On 12/19/2023 2:57, Hao Xiang wrote:> On Sun, Dec 17, 2023 at 7:11 PM Wang, Lei
<lei4.wang@intel.com> wrote:
>>
>> On 11/14/2023 13:40, Hao Xiang wrote:> * Create a dedicated thread for DSA task
>> completion.
>>> * DSA completion thread runs a loop and poll for completed tasks.
>>> * Start and stop DSA completion thread during DSA device start stop.
>>>
>>> User space application can directly submit task to Intel DSA
>>> accelerator by writing to DSA's device memory (mapped in user space).
>>
>>> +            }
>>> +            return;
>>> +        }
>>> +    } else {
>>> +        assert(batch_status == DSA_COMP_BATCH_FAIL ||
>>> +            batch_status == DSA_COMP_BATCH_PAGE_FAULT);
>>
>> Nit: indentation is broken here.
>>
>>> +    }
>>> +
>>> +    for (int i = 0; i < count; i++) {
>>> +
>>> +        completion = &batch_task->completions[i];
>>> +        status = completion->status;
>>> +
>>> +        if (status == DSA_COMP_SUCCESS) {
>>> +            results[i] = (completion->result == 0);
>>> +            continue;
>>> +        }
>>> +
>>> +        if (status != DSA_COMP_PAGE_FAULT_NOBOF) {
>>> +            fprintf(stderr,
>>> +                    "Unexpected completion status = %u.\n", status);
>>> +            assert(false);
>>> +        }
>>> +    }
>>> +}
>>> +
>>> +/**
>>> + * @brief Handles an asynchronous DSA batch task completion.
>>> + *
>>> + * @param task A pointer to the batch buffer zero task structure.
>>> + */
>>> +static void
>>> +dsa_batch_task_complete(struct buffer_zero_batch_task *batch_task)
>>> +{
>>> +    batch_task->status = DSA_TASK_COMPLETION;
>>> +    batch_task->completion_callback(batch_task);
>>> +}
>>> +
>>> +/**
>>> + * @brief The function entry point called by a dedicated DSA
>>> + *        work item completion thread.
>>> + *
>>> + * @param opaque A pointer to the thread context.
>>> + *
>>> + * @return void* Not used.
>>> + */
>>> +static void *
>>> +dsa_completion_loop(void *opaque)
>>
>> Per my understanding, if a multifd sending thread corresponds to a DSA device,
>> then the batch tasks are executed in parallel which means a task may be
>> completed slower than another even if this task is enqueued earlier than it.
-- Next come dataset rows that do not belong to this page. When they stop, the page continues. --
(* Let $V$ be a vector space of dimension $n$ over a field $\mathcal{F}$, let $\Lambda=(\lambda_{i,j})_{i,j=1,\dots,n}$ be an $n\times n$ matrix all of whose entries are non-zero elements of $\mathcal{F}$, and let $\mathcal{V}=(v_1,\dots,v_n)$ be a basis of $V$. Let $\phi:V\to V$ be a map (not assumed linear) such that for every $v,w\in V$ there is an endomorphism $\phi_{v,w}$ of $V$ which is $\Lambda$-symmetric with respect to $\mathcal{V}$ and satisfies $\phi(v)=\phi_{v,w}(v)$ and $\phi(w)=\phi_{v,w}(w)$. Then $\phi$ is linear.
   Context: For a linear map $\psi:V\to V$, its matrix with respect to $\mathcal{V}$ is $(x_{i,j})_{i,j=1}^n$ where $\psi(v_j)=\sum_{i=1}^n x_{i,j}v_i$. An endomorphism $\psi$ is called $\Lambda$-symmetric with respect to $\mathcal{V}$ if its matrix with respect to $\mathcal{V}$ has the form $(\lambda_{i,j}a_{i,j})_{i,j=1}^n$ for some symmetric matrix $A=(a_{i,j})$ (i.e. $a_{i,j}=a_{j,i}$ for all $i,j$). *)

theory Defs
  imports Main "HOL.Vector_Spaces"
begin

text \<open>Vector space V: the whole carrier type 'b with scalar multiplication
  scale over the field 'a (locale vector_space). A basis indexed by 1..n.\<close>

definition is_indexed_basis ::
  "('a::field \<Rightarrow> 'b::ab_group_add \<Rightarrow> 'b) \<Rightarrow> nat \<Rightarrow> (nat \<Rightarrow> 'b) \<Rightarrow> bool" where
  "is_indexed_basis scale n v \<longleftrightarrow>
     inj_on v {1..n} \<and>
     \<not> module.dependent scale (v ` {1..n}) \<and>
     module.span scale (v ` {1..n}) = UNIV"

definition lambda_symmetric ::
  "('a::field \<Rightarrow> 'b::ab_group_add \<Rightarrow> 'b) \<Rightarrow> nat \<Rightarrow> (nat \<Rightarrow> nat \<Rightarrow> 'a) \<Rightarrow> (nat \<Rightarrow> 'b)
     \<Rightarrow> ('b \<Rightarrow> 'b) \<Rightarrow> bool" where
  "lambda_symmetric scale n lam v psi \<longleftrightarrow>
     Vector_Spaces.linear scale scale psi \<and>
     (\<exists>a :: nat \<Rightarrow> nat \<Rightarrow> 'a.
        (\<forall>i\<in>{1..n}. \<forall>j\<in>{1..n}. a i j = a j i) \<and>
        (\<forall>j\<in>{1..n}. psi (v j) = (\<Sum>i\<in>{1..n}. scale (lam i j * a i j) (v i))))"

end

theory Submission
  imports Defs
begin

text \<open>If \<open>\<psi>\<close> has matrix \<open>(\<lambda>\<^sub>i\<^sub>j a\<^sub>i\<^sub>j)\<close> with \<open>a\<close> symmetric, then the
  coefficient \<open>a\<^sub>k\<^sub>j = a\<^sub>j\<^sub>k\<close> is the \<open>j\<close>-th coordinate of \<open>\<psi> v\<^sub>k\<close> divided by \<open>\<lambda>\<^sub>j\<^sub>k\<close>,
  so the \<open>k\<close>-th coordinate of \<open>\<psi> x\<close> is \<open>\<Sum>\<^sub>j (\<lambda>\<^sub>k\<^sub>j / \<lambda>\<^sub>j\<^sub>k) (\<psi> v\<^sub>k)\<^sub>j x\<^sub>j\<close>.
  Choosing \<open>\<psi>\<close> to agree with \<open>\<phi>\<close> at \<open>x\<close> and at \<open>v\<^sub>k\<close> shows that the \<open>k\<close>-th
  coordinate of \<open>\<phi> x\<close> is a linear form in the coordinates of \<open>x\<close> whose coefficients
  depend only on \<open>k\<close>; hence \<open>\<phi>\<close> is given by a matrix and is linear.\<close>

locale indexed_basis = vector_space scale
  for scale :: "'a::field \<Rightarrow> 'b::ab_group_add \<Rightarrow> 'b" (infixr \<open>*s\<close> 75) +
  fixes n :: nat and v :: "nat \<Rightarrow> 'b"
  assumes is_indexed_basis: "is_indexed_basis scale n v"
begin

text \<open>A constant rather than \<open>v ` {1..n}\<close>: the simplifier rewrites \<open>{1..n}\<close> to
  \<open>{Suc 0..n}\<close>, which would stop \<open>span_basis\<close> from firing as a rewrite rule.\<close>

definition basis_vectors :: "'b set" where
  "basis_vectors = v ` {1..n}"

definition coord :: "nat \<Rightarrow> 'b \<Rightarrow> 'a" where
  "coord k x = representation basis_vectors x (v k)"

lemma inj_on_basis: "inj_on v {1..n}"
  and independent_basis: "independent basis_vectors"
  and span_basis: "span basis_vectors = UNIV"
  using is_indexed_basis unfolding is_indexed_basis_def basis_vectors_def by auto

lemma finite_basis_vectors: "finite basis_vectors"
  by (simp add: basis_vectors_def)

lemma coord_add: "coord k (x + y) = coord k x + coord k y"
  unfolding coord_def by (simp add: representation_add[OF independent_basis] span_basis)

lemma coord_sum: "coord k (\<Sum>j\<in>J. f j) = (\<Sum>j\<in>J. coord k (f j))"
  unfolding coord_def by (simp add: representation_sum[OF independent_basis] span_basis)

lemma coord_scale: "coord k (c *s x) = c * coord k x"
  unfolding coord_def by (simp add: representation_scale[OF independent_basis] span_basis)

lemma basis_expansion: "x = (\<Sum>k\<in>{1..n}. coord k x *s v k)"
proof -
  have "(\<Sum>b\<in>basis_vectors. representation basis_vectors x b *s b) = x"
    by (rule sum_representation_eq[OF independent_basis])
      (simp_all add: span_basis finite_basis_vectors)
  then show ?thesis
    unfolding coord_def basis_vectors_def sum.reindex[OF inj_on_basis] o_def by simp
qed

lemma coord_basis:
  assumes "j \<in> {1..n}" "k \<in> {1..n}"
  shows "coord k (v j) = (if k = j then 1 else 0)"
  using representation_basis[OF independent_basis, of "v j"] assms inj_on_basis
  unfolding coord_def basis_vectors_def by (auto dest: inj_onD)

lemma coord_lincomb:
  assumes "k \<in> {1..n}"
  shows "coord k (\<Sum>j\<in>{1..n}. c j *s v j) = c k"
proof -
  have "coord k (\<Sum>j\<in>{1..n}. c j *s v j) = (\<Sum>j\<in>{1..n}. c j * coord k (v j))"
    by (simp add: coord_sum coord_scale)
  also have "\<dots> = (\<Sum>j\<in>{1..n}. if j = k then c j else 0)"
    using assms by (intro sum.cong) (auto simp: coord_basis)
  finally show ?thesis
    using assms by simp
qed

lemma coord_eqI:
  assumes "\<And>k. k \<in> {1..n} \<Longrightarrow> coord k x = coord k y"
  shows "x = y"
  by (metis (no_types, lifting) assms basis_expansion sum.cong)

lemma linear_if_coord_matrix:
  assumes "\<And>k x. k \<in> {1..n} \<Longrightarrow> coord k (f x) = (\<Sum>j\<in>{1..n}. m k j * coord j x)"
  shows "Vector_Spaces.linear (*s) (*s) f"
proof -
  have "f (x + y) = f x + f y" for x y
    by (rule coord_eqI) (simp add: assms coord_add sum.distrib distrib_left)
  moreover have "f (c *s x) = c *s f x" for c x
    by (rule coord_eqI) (simp add: assms coord_scale sum_distrib_left ac_simps)
  ultimately show ?thesis
    unfolding module_hom_iff_linear[symmetric] module_hom_iff
    using module_axioms by blast
qed

lemma coord_linear_image:
  assumes "Vector_Spaces.linear (*s) (*s) \<psi>" "k \<in> {1..n}"
  shows "coord k (\<psi> x) = (\<Sum>j\<in>{1..n}. coord k (\<psi> (v j)) * coord j x)"
proof -
  interpret linear "(*s)" "(*s)" \<psi> by fact
  have "\<psi> x = (\<Sum>j\<in>{1..n}. coord j x *s \<psi> (v j))"
    by (subst basis_expansion) (simp add: sum scale)
  then show ?thesis
    by (simp add: coord_sum coord_scale ac_simps)
qed

lemma lambda_symmetric_coord_swap:
  assumes "lambda_symmetric (*s) n lam v \<psi>" "j \<in> {1..n}" "k \<in> {1..n}"
  shows "lam k j * coord j (\<psi> (v k)) = lam j k * coord k (\<psi> (v j))"
proof -
  obtain a where sym: "\<forall>i\<in>{1..n}. \<forall>j\<in>{1..n}. a i j = a j i"
    and matrix: "\<forall>j\<in>{1..n}. \<psi> (v j) = (\<Sum>i\<in>{1..n}. (lam i j * a i j) *s v i)"
    using assms(1) unfolding lambda_symmetric_def by blast
  have "coord i (\<psi> (v j)) = lam i j * a i j" if "i \<in> {1..n}" "j \<in> {1..n}" for i j
    using that matrix coord_lincomb[OF that(1)] by simp
  then show ?thesis
    using assms(2,3) sym by simp
qed

lemma lambda_symmetric_coord_image:
  assumes "lambda_symmetric (*s) n lam v \<psi>" "\<forall>i\<in>{1..n}. \<forall>j\<in>{1..n}. lam i j \<noteq> 0"
    and "k \<in> {1..n}"
  shows "coord k (\<psi> x) = (\<Sum>j\<in>{1..n}. lam k j / lam j k * coord j (\<psi> (v k)) * coord j x)"
proof -
  have "coord k (\<psi> x) = (\<Sum>j\<in>{1..n}. coord k (\<psi> (v j)) * coord j x)"
    using assms(1,3) unfolding lambda_symmetric_def by (simp add: coord_linear_image)
  also have "\<dots> = (\<Sum>j\<in>{1..n}. lam k j / lam j k * coord j (\<psi> (v k)) * coord j x)"
  proof (rule sum.cong)
    fix j
    assume j: "j \<in> {1..n}"
    then have "lam k j * coord j (\<psi> (v k)) = lam j k * coord k (\<psi> (v j))" "lam j k \<noteq> 0"
      using lambda_symmetric_coord_swap[OF assms(1) j assms(3)] assms(2,3) by auto
    then show "coord k (\<psi> (v j)) * coord j x = lam k j / lam j k * coord j (\<psi> (v k)) * coord j x"
      by (simp add: field_simps)
  qed simp
  finally show ?thesis .
qed

lemma linear_if_pairwise_lambda_symmetric:
  assumes "\<forall>i\<in>{1..n}. \<forall>j\<in>{1..n}. lam i j \<noteq> 0"
    and "\<forall>x y. \<exists>\<psi>. lambda_symmetric (*s) n lam v \<psi> \<and> \<phi> x = \<psi> x \<and> \<phi> y = \<psi> y"
  shows "Vector_Spaces.linear (*s) (*s) \<phi>"
proof (rule linear_if_coord_matrix)
  fix k x
  assume k: "k \<in> {1..n}"
  obtain \<psi> where "lambda_symmetric (*s) n lam v \<psi>" "\<phi> x = \<psi> x" "\<phi> (v k) = \<psi> (v k)"
    using assms(2) by blast
  then show "coord k (\<phi> x) = (\<Sum>j\<in>{1..n}. lam k j / lam j k * coord j (\<phi> (v k)) * coord j x)"
    using lambda_symmetric_coord_image[OF _ assms(1) k] by simp
qed

end

theorem theorem2p3:
  fixes scale :: "'a::field \<Rightarrow> 'b::ab_group_add \<Rightarrow> 'b"
    and n :: nat
    and lam :: "nat \<Rightarrow> nat \<Rightarrow> 'a"
    and v :: "nat \<Rightarrow> 'b"
    and \<phi> :: "'b \<Rightarrow> 'b"
  assumes "vector_space scale"
    and "\<forall>i\<in>{1..n}. \<forall>j\<in>{1..n}. lam i j \<noteq> 0"
    and "is_indexed_basis scale n v"
    and "\<forall>x y. \<exists>\<psi>. lambda_symmetric scale n lam v \<psi> \<and> \<phi> x = \<psi> x \<and> \<phi> y = \<psi> y"
  shows "Vector_Spaces.linear scale scale \<phi>"
proof -
  interpret indexed_basis scale n v
    using assms(1,3) by (simp add: indexed_basis_def indexed_basis_axioms_def)
  show ?thesis
    using linear_if_pairwise_lambda_symmetric[OF assms(2,4)] .
qed

end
If
>> we poll on the slower task first it will block the handling of the faster one,
>> even if the zero checking task for that thread is finished and it can go ahead
>> and send the data to the wire, this may lower the network resource utilization.
>>
> 
> Hi Lei, thanks for reviewing. You are correct that we can keep pulling
> a task enqueued first while others in the queue have already been
> completed. In fact, only one DSA completion thread (pulling thread) is
> used here even when multiple DSA devices are used. The pulling loop is
> the most CPU intensive activity in the DSA workflow and that acts
> directly against the goal of saving CPU usage. The trade-off I want to
> take here is a slightly higher latency on DSA task completion but more
> CPU savings. A single DSA engine can reach 30 GB/s throughput on
> memory comparison operation. We use kernel tcp stack for network
> transfer. The best I see is around 10GB/s throughput.  RDMA can
> potentially go higher but I am not sure if it can go higher than 30
> GB/s throughput anytime soon.

Hi Hao, that makes sense, if the DSA is faster than the network, then a little
bit of latency in DSA checking is tolerable. In the long term, I think the best
form of the DSA task checking thread is to use an fd or such sort of thing that
can multiplex the checking of different DSA devices, then we can serve the DSA
task in the order they complete rather than FCFS.

> 
>>> +{
>>> +    struct dsa_completion_thread *thread_context =
>>> +        (struct dsa_completion_thread *)opaque;
>>> +    struct buffer_zero_batch_task *batch_task;
>>> +    struct dsa_device_group *group = thread_context->group;
>>> +
>>> +    rcu_register_thread();
>>> +
>>> +    thread_context->thread_id = qemu_get_thread_id();
>>> +    qemu_sem_post(&thread_context->sem_init_done);
>>> +
>>> +    while (thread_context->running) {
>>> +        batch_task = dsa_task_dequeue(group);
>>> +        assert(batch_task != NULL || !group->running);
>>> +        if (!group->running) {
>>> +            assert(!thread_context->running);
>>> +            break;
>>> +        }
>>> +        if (batch_task->task_type == DSA_TASK) {
>>> +            poll_task_completion(batch_task);
>>> +        } else {
>>> +            assert(batch_task->task_type == DSA_BATCH_TASK);
>>> +            poll_batch_task_completion(batch_task);
>>> +        }
>>> +
>>> +        dsa_batch_task_complete(batch_task);
>>> +    }
>>> +
>>> +    rcu_unregister_thread();
>>> +    return NULL;
>>> +}
>>> +
>>> +/**
>>> + * @brief Initializes a DSA completion thread.
>>> + *
>>> + * @param completion_thread A pointer to the completion thread context.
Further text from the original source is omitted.